# Hourly rate



## helpsy (Dec 3, 2009)

I recently went self employed in the UK.I'm interested what is the average hourly rate self employed or on the books.
I'm charging £35 per hour($55.30)in the UK.


----------



## SlickRick (Sep 3, 2009)

helpsy said:


> I recently went self employed in the UK.I'm interested what is the average hourly rate self employed or on the books.
> I'm charging £35 per hour($55.30)in the UK.


Your cheap. Lets double that..


----------



## SewerRatz (Apr 25, 2009)

slickrick said:


> Your cheap. Lets double that..


 
I agree, and disagree. Around here by me yes double what he is getting. But rates all vary on cost of living and cost to run a business. For us to make money and keep the doors open we need to charge $160 an hour. A shop across town that has no employees and the guy is driving a 20 year old truck and only advertises in the local newspaper can get away with a rate half of what I charge.

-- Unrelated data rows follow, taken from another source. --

lemma dyadic_decomposable_concat:
  "dyadic_decomposable h m1 {r..<s} \<Longrightarrow> dyadic_decomposable h m2 {s..<t} \<Longrightarrow>
   r \<le> s \<Longrightarrow> s \<le> t \<Longrightarrow> dyadic_decomposable h (m1 + m2) {r..<t}"
  using dyadic_decomposable_Un[of h m1 "{r..<s}" m2 "{s..<t}"] by (simp add: ivl_disj_un_two(3))

lemma dyadic_decomposable_aligned_prefix:
  "g \<le> h \<Longrightarrow> c * 2 ^ g \<le> t \<Longrightarrow> t < (c + 1) * 2 ^ g \<Longrightarrow>
   dyadic_decomposable h g {c * 2 ^ g ..< t}"
proof (induction g arbitrary: c)
  case 0
  then show ?case by (simp add: dyadic_decomposable_empty)
next
  case (Suc g)
  have start: "c * 2 ^ Suc g = (2 * c) * 2 ^ g" by simp
  show ?case
  proof (cases "t < (2 * c + 1) * 2 ^ g")
    case True
    have "dyadic_decomposable h g {(2 * c) * 2 ^ g ..< t}"
      by (rule Suc.IH) (use True Suc.prems in auto)
    then show ?thesis unfolding start by (rule dyadic_decomposable_mono) simp
  next
    case False
    have "dyadic_decomposable h (1 + g) {(2 * c) * 2 ^ g ..< t}"
      by (rule dyadic_decomposable_concat[OF dyadic_decomposable_block Suc.IH])
        (use False Suc.prems in \<open>auto simp: algebra_simps\<close>)
    then show ?thesis unfolding start by simp
  qed
qed

lemma dyadic_decomposable_aligned_suffix:
  "g \<le> h \<Longrightarrow> c * 2 ^ g < s \<Longrightarrow> s \<le> (c + 1) * 2 ^ g \<Longrightarrow>
   dyadic_decomposable h g {s ..< (c + 1) * 2 ^ g}"
proof (induction g arbitrary: c)
  case 0
  then show ?case by (simp add: dyadic_decomposable_empty)
next
  case (Suc g)
  have stop: "(c + 1) * 2 ^ Suc g = (2 * c + 1 + 1) * 2 ^ g" by simp
  show ?case
  proof (cases "(2 * c + 1) * 2 ^ g < s")
    case True
    have "dyadic_decomposable h g {s ..< (2 * c + 1 + 1) * 2 ^ g}"
      by (rule Suc.IH) (use True Suc.prems in auto)
    then show ?thesis unfolding stop by (rule dyadic_decomposable_mono) simp
  next
    case False
    have "dyadic_decomposable h (g + 1) {s ..< (2 * c + 1 + 1) * 2 ^ g}"
      by (rule dyadic_decomposable_concat[OF Suc.IH dyadic_decomposable_block])
        (use False Suc.prems in \<open>auto simp: algebra_simps\<close>)
    then show ?thesis unfolding stop by simp
  qed
qed

lemma dyadic_decomposable_aligned_prefix_le:
  assumes "g \<le> h" "c * 2 ^ g \<le> t" "t \<le> (c + 1) * 2 ^ g"
  shows "dyadic_decomposable h (max 1 g) {c * 2 ^ g ..< t}"
proof (cases "t = (c + 1) * 2 ^ g")
  case True
  have "dyadic_decomposable h 1 {c * 2 ^ g ..< (c + 1) * 2 ^ g}"
    using assms(1) by (rule dyadic_decomposable_block)
  then show ?thesis unfolding True by (rule dyadic_decomposable_mono) simp
next
  case False
  then show ?thesis
    using dyadic_decomposable_aligned_prefix[OF assms(1,2)] assms(3) dyadic_decomposable_mono by simp
qed

lemma dyadic_decomposable_aligned_suffix_le:
  assumes "g \<le> h" "c * 2 ^ g \<le> s" "s \<le> (c + 1) * 2 ^ g"
  shows "dyadic_decomposable h (max 1 g) {s ..< (c + 1) * 2 ^ g}"
proof (cases "s = c * 2 ^ g")
  case True
  have "dyadic_decomposable h 1 {c * 2 ^ g ..< (c + 1) * 2 ^ g}"
    using assms(1) by (rule dyadic_decomposable_block)
  then show ?thesis unfolding True by (rule dyadic_decomposable_mono) simp
next
  case False
  then show ?thesis
    using dyadic_decomposable_aligned_suffix[OF assms(1) _ assms(3)] assms(2) dyadic_decomposable_mono
    by simp
qed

As it has been brought up many times on this forum everyones expenses to be in business is different which will make their hourly rate required different.


----------



## service guy (Jun 26, 2008)

$90/hour is about average here for professional plumbing company as far as I know.


----------



## smellslike$tome (Jun 16, 2008)

$100,000 per hour, ... or as close to it as you can get.


----------



## SlickRick (Sep 3, 2009)

$124.00 min.


----------



## SewerRatz (Apr 25, 2009)

We get $140 for the first half hour on a job then $80 per half hour there after plus parts and equipment charges.


----------



## 3r1c (Jul 30, 2009)

whatever the contractors and the hall negotiate in the contract, here about 24.00 an hour plus 11.00 an hour benefit package.
:thumbup:


----------



## Ron (Jun 12, 2008)

3r1c said:


> whatever the contractors and the hall negotiate in the contract, here about 24.00 an hour plus 11.00 an hour benefit package.
> :thumbup:



Lets have a intro please.


----------



## PLUMBER_BILL (Oct 23, 2009)

slickrick said:


> Your cheap. Lets double that..


My Dad ... Bless his sole, told me when I started my apprenticeship in 1955. To be a success in a trade. Never, screw around with another mans lunch, his tools, his girfriend or his car. And never, never, never
talk about politics, religion or wages.

Now when you go in business, wages are a part of what you charge.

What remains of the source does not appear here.